▶ **Problem**
All of the data below should be returned exactly.
#### Data for this task ####
(* Let $\Gamma$ be a finite Abelian group with $|\Gamma|=n$, let $S$ be a symmetric multiset of elements of $\Gamma$ with $|S|=d$, and let $G=\mathrm{Cay}(\Gamma,S)$. Let $0<\epsilon\le 1$ and $\tau = 100\, d\, \phi(G)^2/\epsilon^2$. Then for every $Q\subseteq \Gamma$ with $1\le |Q|\le n/2$ and $\phi_G(Q)\le 2\phi(G)$, $$\|\Pi_{\mathrm{LOW}_\tau(G)}\, \bar{\mathbf{1}}_Q\|^2 \ge (1-\epsilon)\,\|\bar{\mathbf{1}}_Q\|^2.$$
   Context: A multiset $S$ of elements of $\Gamma$ is symmetric if $x$ and $-x$ have equal multiplicity for all $x$. $\mathrm{Cay}(\Gamma,S)$ has vertex set $\Gamma$ and an edge $(v,v+s)$ for every $v$ and every element $s$ of $S$ (with multiplicity). $\phi_G(Q)=|\partial Q|/(d|Q|)$ where $\partial Q$ is the multiset of edges from $Q$ to its complement, and $\phi(G)=\min\{\phi_G(Q):1\le|Q|\le n/2\}$. The normalized Laplacian is $\mathbf{L}=I-\mathbf{A}$ ($\mathbf{A}$ the normalized adjacency matrix). $\mathrm{LOW}_\tau(G)$ is the span of all eigenvectors of $\mathbf{L}$ with eigenvalue at most $\tau$ (the whole space if $\tau\ge2$), and $\Pi_W$ denotes orthogonal projection onto $W$. $\mathbf{1}_Q$ is the indicator vector of $Q$ and $\bar x = x-\frac{\langle x,\mathbf 1\rangle}{n}\mathbf 1$. *)

theory Defs
  imports "HOL-Analysis.Analysis" "HOL-Library.Multiset"
begin

definition symmetric_mset :: "'a::ab_group_add multiset \<Rightarrow> bool" where
  "symmetric_mset S \<longleftrightarrow> (\<forall>x. count S x = count S (- x))"

text \<open>Adjacency: number of edges (u, u+s), s in S, from u to v.\<close>
definition cay_adj :: "'a::ab_group_add multiset \<Rightarrow> 'a \<Rightarrow> 'a \<Rightarrow> real" where
  "cay_adj S u v = real (count S (v - u))"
####
▶ **Response to this task**
(* Let $\Gamma$ be a finite Abelian group with $|\Gamma|=n$, let $S$ be a symmetric multiset of elements of $\Gamma$ with $|S|=d$, and let $G=\mathrm{Cay}(\Gamma,S)$. Let $0<\epsilon\le 1$ and $\tau = 100\, d\, \phi(G)^2/\epsilon^2$. Then for every $Q\subseteq \Gamma$ with $1\le |Q|\le n/2$ and $\phi_G(Q)\le 2\phi(G)$, $$\|\Pi_{\mathrm{LOW}_\tau(G)}\, \bar{\mathbf{1}}_Q\|^2 \ge (1-\epsilon)\,\|\bar{\mathbf{1}}_Q\|^2.$$
   Context: A multiset $S$ of elements of $\Gamma$ is symmetric if $x$ and $-x$ have equal multiplicity for all $x$. $\mathrm{Cay}(\Gamma,S)$ has vertex set $\Gamma$ and an edge $(v,v+s)$ for every $v$ and every element $s$ of $S$ (with multiplicity). $\phi_G(Q)=|\partial Q|/(d|Q|)$ where $\partial Q$ is the multiset of edges from $Q$ to its complement, and $\phi(G)=\min\{\phi_G(Q):1\le|Q|\le n/2\}$. The normalized Laplacian is $\mathbf{L}=I-\mathbf{A}$ ($\mathbf{A}$ the normalized adjacency matrix). $\mathrm{LOW}_\tau(G)$ is the span of all eigenvectors of $\mathbf{L}$ with eigenvalue at most $\tau$ (the whole space if $\tau\ge2$), and $\Pi_W$ denotes orthogonal projection onto $W$. $\mathbf{1}_Q$ is the indicator vector of $Q$ and $\bar x = x-\frac{\langle x,\mathbf 1\rangle}{n}\mathbf 1$. *)

theory Defs
  imports "HOL-Analysis.Analysis" "HOL-Library.Multiset"
begin

definition symmetric_mset :: "'a::ab_group_add multiset \<Rightarrow> bool" where
  "symmetric_mset S \<longleftrightarrow> (\<forall>x. count S x = count S (- x))"

text \<open>Adjacency: number of edges (u, u+s), s in S, from u to v.\<close>
definition cay_adj :: "'a::ab_group_add multiset \<Rightarrow> 'a \<Rightarrow> 'a \<Rightarrow> real" where
  "cay_adj S u v = real (count S (v - u))"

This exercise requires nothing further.